I am very grateful to the Minister, the noble Earl, Lord Howe, for saying that he will review Clause 4. A viable alternative, which is not unusual in other regulated bodies, is to say that every institution regulated by that body should be compelled to accept its rules. This is a body within higher education, in the same sense that the REF, other funding decisions and many other decisions have now been imported into the world of universities. Most of us would probably have preferred that they remain more independent, but I have accepted the argument that this is very difficult to sustain, given some of the things that have happened.

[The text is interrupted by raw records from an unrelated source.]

text \<open>In coordinates \<open>z\<close> is \<open>-u\<close>.\<close>

lemma zpow_eq:
  assumes n: "0 < n"
  shows "zpow n k = (\<lambda>ks s. (-1) ^ k * u_pow n k ks * (sig n (sum_list ks) s :: 'r::comm_ring_1))"
proof (induction k)
  case 0
  show ?case by (simp add: fun_eq_iff unit_cochain_def)
next
  case (Suc k)
  show ?case
  proof (intro ext)
    fix ks s
    show "zpow n (Suc k) ks s = (-1) ^ Suc k * u_pow n (Suc k) ks * (sig n (sum_list ks) s :: 'r)"
    proof (cases "length ks = Suc (Suc (2 * k))")
      case False
      then have "\<not> valid_idx n (Suc (Suc (2 * k))) ks" by (auto simp: valid_idx_def)
      then show ?thesis using False by (simp add: cup_def u_cup_def)
    next
      case True
      then obtain a b r where ks: "ks = a # b # r" and r: "length r = 2 * k"
        by (metis length_Suc_conv)
      have "zpow n (Suc k) ks = (gmult n (z_cochain n [a, b]) (zpow n k r) :: nat \<Rightarrow> 'r)"
        using ks r by (simp add: cup_def)
      also have "\<dots> = (\<lambda>s. ((if valid_idx n 2 [a, b] \<and> n \<le> a + b then -1 else 0) * ((-1) ^ k * u_pow n k r))
          * sig n (a + b + sum_list r) s)"
      proof -
        have zpow_r: "zpow n k r = (\<lambda>s. ((-1) ^ k * u_pow n k r) * (sig n (sum_list r) s :: 'r))"
          by (simp add: Suc.IH)
        show ?thesis
          unfolding zpow_r z_cochain_Cons2[OF n] gmult_scale_l gmult_scale_r gmult_sig_sig[OF n]
          by (simp only: mult.assoc)
      qed
      finally show ?thesis
        using ks by (simp add: u_pow_Suc_Cons2 add.assoc del: u_pow.simps)
    qed
  qed
qed
definition reachable :: "'a set \<Rightarrow> 'a set set \<Rightarrow> 'a \<Rightarrow> 'a \<Rightarrow> bool" where
  "reachable V E = (\<lambda>x y. x \<in> V \<and> y \<in> V \<and> adj E x y)\<^sup>*\<^sup>*"

definition connected_graph :: "'a set \<Rightarrow> 'a set set \<Rightarrow> bool" where
  "connected_graph V E \<longleftrightarrow> V \<noteq> {} \<and> (\<forall>x\<in>V. \<forall>y\<in>V. reachable V E x y)"

definition component :: "'a set \<Rightarrow> 'a set set \<Rightarrow> 'a \<Rightarrow> 'a set" where
  "component V E v = {u \<in> V. reachable V E v u}"

definition degree :: "'a set set \<Rightarrow> 'a \<Rightarrow> nat" where
  "degree E v = card {u. adj E v u}"

definition min_degree :: "'a set \<Rightarrow> 'a set set \<Rightarrow> nat" where
  "min_degree V E = Min (degree E ` V)"

definition edge_connectivity :: "'a set \<Rightarrow> 'a set set \<Rightarrow> nat" where
  "edge_connectivity V E = Min {card S | S. S \<subseteq> E \<and> \<not> connected_graph V (E - S)}"

definition restricted_edge_cut :: "'a set \<Rightarrow> 'a set set \<Rightarrow> 'a set set \<Rightarrow> bool" where
  "restricted_edge_cut V E S \<longleftrightarrow> S \<subseteq> E \<and> \<not> connected_graph V (E - S) \<and>
     (\<forall>v\<in>V. card (component V (E - S) v) \<ge> 2)"

definition restricted_edge_connectivity :: "'a set \<Rightarrow> 'a set set \<Rightarrow> nat" where
  "restricted_edge_connectivity V E = Min {card S | S. restricted_edge_cut V E S}"

definition complete_V :: "nat \<Rightarrow> nat set" where
  "complete_V n = {0..<n}"

definition complete_E :: "nat \<Rightarrow> nat set set" where
  "complete_E n = {{i, j} | i j. i < n \<and> j < n \<and> i \<noteq> j}"

definition strong_V :: "'a set \<Rightarrow> 'b set \<Rightarrow> ('a \<times> 'b) set" where
  "strong_V V1 V2 = V1 \<times> V2"

definition strong_E :: "'a set \<Rightarrow> 'a set set \<Rightarrow> 'b set \<Rightarrow> 'b set set \<Rightarrow> ('a \<times> 'b) set set" where
  "strong_E V1 E1 V2 E2 = {{(x1, y1), (x2, y2)} | x1 y1 x2 y2.
      x1 \<in> V1 \<and> x2 \<in> V1 \<and> y1 \<in> V2 \<and> y2 \<in> V2 \<and>
      ((x1 = x2 \<and> {y1, y2} \<in> E2) \<or> (y1 = y2 \<and> {x1, x2} \<in> E1) \<or>
       ({x1, x2} \<in> E1 \<and> {y1, y2} \<in> E2))}"

end

theory Submission
  imports Defs
begin

text \<open>Every restricted edge-cut of \<open>G \<boxtimes> K\<^sub>n\<close> contains the whole boundary of a vertex set
  \<open>A\<close> with \<open>|A| \<ge> 2\<close> and \<open>|A\<^sup>c| \<ge> 2\<close>. If \<open>A\<close> meets the fibre over \<open>x\<close> in \<open>a x\<close>
  vertices, this boundary has \<open>\<Sum>\<^sub>x a x ((n - a x) + \<Sum>\<^sub>z\<^sub>~\<^sub>x (n - a z))\<close> edges, a
  quantity concave in each single \<open>a x\<close>. So a partially filled fibre can be emptied or filled
  without increasing it, until either every fibre is full or empty, and the boundary is \<open>n\<^sup>2\<close>
  times an edge cut of \<open>G\<close>, or one side is so small that a direct count gives at least
  \<open>2n(\<delta>+1) - 4\<close>. Both bounds are attained: by lifting a minimum edge cut of \<open>G\<close>, and by two
  vertices in the fibre over a vertex of minimum degree. The term \<open>(n-1)(m+2e(G))\<close>, the
  boundary of a transversal, never falls below \<open>2n(\<delta>+1) - 4\<close>.\<close>

section \<open>Boundaries weighted by fibre sizes\<close>

text \<open>With \<open>a x\<close> and \<open>b x\<close> the numbers of vertices of the fibre over \<open>x\<close> on either side of a
  cut of \<open>G \<boxtimes> K\<^sub>n\<close>, this counts the crossing edges: a vertex of the fibre over \<open>x\<close> is
  adjacent to every other vertex over the closed neighbourhood of \<open>x\<close>.\<close>
definition weighted_cut :: "'a set \<Rightarrow> ('a \<Rightarrow> 'a set) \<Rightarrow> ('a \<Rightarrow> nat) \<Rightarrow> ('a \<Rightarrow> nat) \<Rightarrow> nat" where
  "weighted_cut V N a b = (\<Sum>x\<in>V. a x * (b x + (\<Sum>z\<in>N x. b z)))"

lemma two_mul_sub_four_le_mul_diff:
  fixes k c :: nat
  assumes "2 \<le> k" "k + 2 \<le> c"
  shows "2 * c - 4 \<le> k * (c - k)"
proof -
  have "\<exists>i j. k = i + 2 \<and> c = i + j + 4" using assms by presburger
  then show ?thesis by (auto simp: algebra_simps)
qed
(* Let $n,b$ be integers with $1<n<b$, and let $\Gamma_0$ be a strongly-connected edge-labelled subgraph of the $(n,b)$-Hoey-Sloane graph $\Gamma$. Then its reflection $\overline{\Gamma}_0$ is a strongly-connected edge-labelled subgraph of $\Gamma$.
   Context: Let $\lambda(x)$ denote the least non-negative residue of $x$ modulo $b$. The $(n,b)$-mother graph $M$ is the directed graph on vertex set $\{0,\ldots,b-1\}$ whose edges are the ordered pairs of digits $(d_1,d_2)$ with $\lambda(d_1+(b-n)d_2)\le n-1$. The $(n,b)$-Hoey-Sloane graph $\Gamma$ is the edge-labelled directed graph on states $\{0,\ldots,n-1\}$ in which $(c_1,c_2)$ is an edge precisely when $\{(d_1,d_2)\in E(M)\mid n d_2-d_1+c_1=b c_2\}$ is nonempty, this set being its label set. For a digit $d$ put $\overline d=b-1-d$, for a state $c$ put $\overline c=n-1-c$. The reflection $\overline{\Gamma}_0$ of an edge-labelled subgraph $\Gamma_0$ of $\Gamma$ has vertices $\overline{c}$ ($c$ a vertex of $\Gamma_0$), edges $(\overline{c}_1,\overline{c}_2)$ ($(c_1,c_2)$ an edge of $\Gamma_0$), and label $(\overline{d}_1,\overline{d}_2)$ on $(\overline{c}_1,\overline{c}_2)$ whenever $(d_1,d_2)$ labels $(c_1,c_2)$ in $\Gamma_0$. *)

theory Defs
  imports Main
begin

definition mother_edge :: "int \<Rightarrow> int \<Rightarrow> int \<times> int \<Rightarrow> bool" where
  "mother_edge n b e = (case e of (d1, d2) \<Rightarrow>
     d1 \<in> {0..b-1} \<and> d2 \<in> {0..b-1} \<and> (d1 + (b - n) * d2) mod b \<le> n - 1)"

definition HS_label :: "int \<Rightarrow> int \<Rightarrow> int \<times> int \<Rightarrow> (int \<times> int) set" where
  "HS_label n b c = (case c of (c1, c2) \<Rightarrow>
     {(d1, d2). mother_edge n b (d1, d2) \<and> n * d2 - d1 + c1 = b * c2})"

definition HS_vertices :: "int \<Rightarrow> int set" where
  "HS_vertices n = {0..n-1}"

definition HS_edges :: "int \<Rightarrow> int \<Rightarrow> (int \<times> int) set" where
  "HS_edges n b = {(c1, c2). c1 \<in> HS_vertices n \<and> c2 \<in> HS_vertices n \<and> HS_label n b (c1, c2) \<noteq> {}}"

type_synonym elgraph = "int set \<times> (int \<times> int) set \<times> (int \<times> int \<Rightarrow> (int \<times> int) set)"

definition is_el_subgraph :: "int \<Rightarrow> int \<Rightarrow> elgraph \<Rightarrow> bool" where
  "is_el_subgraph n b G = (case G of (V, E, L) \<Rightarrow>
     V \<subseteq> HS_vertices n \<and> E \<subseteq> HS_edges n b \<and> E \<subseteq> V \<times> V \<and>
     (\<forall>e\<in>E. L e \<noteq> {} \<and> L e \<subseteq> HS_label n b e))"

definition strongly_connected :: "elgraph \<Rightarrow> bool" where
  "strongly_connected G = (case G of (V, E, L) \<Rightarrow> \<forall>u\<in>V. \<forall>v\<in>V. (u, v) \<in> E\<^sup>*)"

definition bar_digit :: "int \<Rightarrow> int \<Rightarrow> int" where
  "bar_digit b d = b - 1 - d"

definition bar_state :: "int \<Rightarrow> int \<Rightarrow> int" where
  "bar_state n c = n - 1 - c"

definition reflection :: "int \<Rightarrow> int \<Rightarrow> elgraph \<Rightarrow> elgraph" where
  "reflection n b G = (case G of (V, E, L) \<Rightarrow>
     (bar_state n ` V,
      (\<lambda>(c1, c2). (bar_state n c1, bar_state n c2)) ` E,
      (\<lambda>(c1', c2'). (\<lambda>(d1, d2). (bar_digit b d1, bar_digit b d2)) `
            L (bar_state n c1', bar_state n c2'))))"

end

theory Submission
  imports Defs
begin

(* The reflection d |-> b - 1 - d, c |-> n - 1 - c is an automorphism of the Hoey-Sloane
   graph. On digits it sends the residue r = (d1 + (b - n) d2) mod b to n - 1 - r, so it
   preserves the mother graph, and it turns the carry equation n d2 - d1 + c1 = b c2 into
   the same equation for the reflected digits and states. Being induced by a bijection of
   the states, it also maps paths to paths and hence preserves strong connectivity. *)

lemma bar_state_bar_state [simp]: "bar_state n (bar_state n c) = c"
  by (simp add: bar_state_def)

lemma bar_state_in_HS_vertices: "c \<in> HS_vertices n \<Longrightarrow> bar_state n c \<in> HS_vertices n"
  by (auto simp: HS_vertices_def bar_state_def)

lemma mother_edge_bar_digit:
  assumes "n \<le> b" and "mother_edge n b (d1, d2)"
  shows "mother_edge n b (bar_digit b d1, bar_digit b d2)"
proof -
  define r where "r = (d1 + (b - n) * d2) mod b"
  have r: "0 \<le> r" "r \<le> n - 1"
    using assms unfolding r_def mother_edge_def by auto
  have "(bar_digit b d1 + (b - n) * bar_digit b d2) mod b
        = ((n - 1 - (d1 + (b - n) * d2)) + b * (b - n)) mod b"
    unfolding bar_digit_def by (simp add: algebra_simps)
  also have "\<dots> = (n - 1 - r) mod b"
    unfolding r_def by (simp add: mod_diff_right_eq)
  also have "\<dots> = n - 1 - r"
    using r assms(1) by (intro mod_pos_pos_trivial) auto
  finally show ?thesis
    using assms r unfolding mother_edge_def bar_digit_def by auto
qed

lemma bar_digit_in_HS_label:
  assumes "n \<le> b" and "(d1, d2) \<in> HS_label n b (c1, c2)"
  shows "(bar_digit b d1, bar_digit b d2) \<in> HS_label n b (bar_state n c1, bar_state n c2)"
proof -
  have mother: "mother_edge n b (d1, d2)" and carry: "n * d2 - d1 + c1 = b * c2"
    using assms(2) unfolding HS_label_def by auto
  from carry have "n * bar_digit b d2 - bar_digit b d1 + bar_state n c1 = b * bar_state n c2"
    unfolding bar_digit_def bar_state_def by (simp add: algebra_simps)
  with mother_edge_bar_digit[OF assms(1) mother] show ?thesis
    unfolding HS_label_def by auto
qed

lemma rtrancl_map_prod_image:
  assumes "(x, y) \<in> R\<^sup>*"
  shows "(f x, f y) \<in> (map_prod f f ` R)\<^sup>*"
  using assms
proof (induction rule: rtrancl_induct)
  case base
  show ?case by simp
next
  case (step y z)
  then have "(f y, f z) \<in> map_prod f f ` R" by force
  with step.IH show ?case by (rule rtrancl_into_rtrancl)
qed

lemma strongly_connected_reflection:
  assumes "strongly_connected G"
  shows "strongly_connected (reflection n b G)"
  using assms rtrancl_map_prod_image[where f = "bar_state n"]
  by (auto simp: strongly_connected_def reflection_def map_prod_def split: prod.splits)

lemma is_el_subgraph_reflection:
  assumes "n \<le> b" and "is_el_subgraph n b G"
  shows "is_el_subgraph n b (reflection n b G)"
proof -
  obtain V E L where G: "G = (V, E, L)" by (cases G) auto
  have V: "V \<subseteq> HS_vertices n" and E: "E \<subseteq> HS_edges n b" and EV: "E \<subseteq> V \<times> V"
    and L: "\<And>e. e \<in> E \<Longrightarrow> L e \<noteq> {} \<and> L e \<subseteq> HS_label n b e"
    using assms(2) unfolding G is_el_subgraph_def by auto
  define bar_digits where "bar_digits = (\<lambda>(d1, d2). (bar_digit b d1, bar_digit b d2))"
  have label_reflected: "bar_digits ` L (c1, c2) \<noteq> {}
      \<and> bar_digits ` L (c1, c2) \<subseteq> HS_label n b (bar_state n c1, bar_state n c2)"
    if "(c1, c2) \<in> E" for c1 c2
    using L[OF that] bar_digit_in_HS_label[OF assms(1)] unfolding bar_digits_def by fastforce
  have edge_reflected: "(bar_state n c1, bar_state n c2) \<in> HS_edges n b"
    if "(c1, c2) \<in> E" for c1 c2
    using that E label_reflected[OF that] bar_state_in_HS_vertices
    unfolding HS_edges_def by auto
  have "reflection n b G = (bar_state n ` V, (\<lambda>(c1, c2). (bar_state n c1, bar_state n c2)) ` E,
      \<lambda>(c1, c2). bar_digits ` L (bar_state n c1, bar_state n c2))"
    unfolding G reflection_def bar_digits_def by simp
  then show ?thesis
    using V EV label_reflected edge_reflected bar_state_in_HS_vertices
    unfolding is_el_subgraph_def by fastforce
qed

theorem corollary14:
  fixes n b :: int and G :: elgraph
  assumes "1 < n" and "n < b"
    and "is_el_subgraph n b G" and "strongly_connected G"
  shows "is_el_subgraph n b (reflection n b G) \<and> strongly_connected (reflection n b G)"
  using assms is_el_subgraph_reflection strongly_connected_reflection by simp

end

In this case, what I am trying to achieve is that every institution providing higher education be registered with a body and consequently accept its rules. As the noble Lord, Lord Johnson of Marylebone, said earlier, it was intended that the Office for Students be constructed to be authoritative and to provide appropriate guidance. However, it is not then for a university, a student union or anybody else who brings a complaint through this mechanism to say that they will not abide by the decision taken by an officer—they could be named almost anything—in the Office for Students with the responsibility for adjudicating these matters.

I am keen that it should be a named office. A great deal of knowledge will be developed around the culture of dealing with these things in a way that probably would not happen with successive judges in courts. It will develop a knowledge and be able to respond in a knowledgeable way, and within the overall culture. The determination of this officeholder would be binding on those who had submitted the complaint.

I recognise that it is very seldom the case that people will say that this should be a completely untrammelled power. Therefore, I have also tried to build in a means by which the decision can be looked at—in a way, like an appeal. But in either case, whether accepted at first hearing or having gone through a second hearing, it is the decision and the parties must abide by it. I recognise that this makes no allowance for financial penalties, and I have not written anything of that kind into the amendment. However, it might very well make decisions about how a university, individuals within it or people invited to take part in its affairs should conduct themselves and, if necessary, reinstate a debate which has been cancelled. There is a whole variety of things that it could do.

I want to create something of that kind because it will be authoritative, it will address a number of questions that the Bill is obviously intended to address, and it will be from within the culture of higher education, rather than imposed on it from somewhere else, which is never a good recipe in higher education. It is miles better if it is felt to be at least in some significant way part of the beast of higher education. There may be many better ways of formulating this, but that is the amendment’s aim. It does exactly what a number of noble Lords have said, which is to reinforce the regulatory system by making its determinations mandatory for all those who have joined the club of that regulatory system. No doubt it would in due course provide guidance. That would probably be very useful after the first cases have been heard and people have begun to ponder their import and what has been learned from them. It would probably provide good guidance. That is a structure which the best regulators achieve.

The old mechanism in the Cabinet Office to look at the validity of regulation specified a number of things. I will not go through them all, but it specified that the outcomes should be proportionate, intelligible, widely disseminated and understood more widely. We should expect all that as part of the outcome from proper regulation. Better regulation makes people feel they can live with a solution, rather than being ordered to do it in a court or some other place.

This amendment hangs together with the deliberations on Clause 4. I am ready to accept that it will need radical reworking. Helpful as the House of Lords officials have been in my trying to get there, I can see that somebody, including me, could pull bits of it to pieces.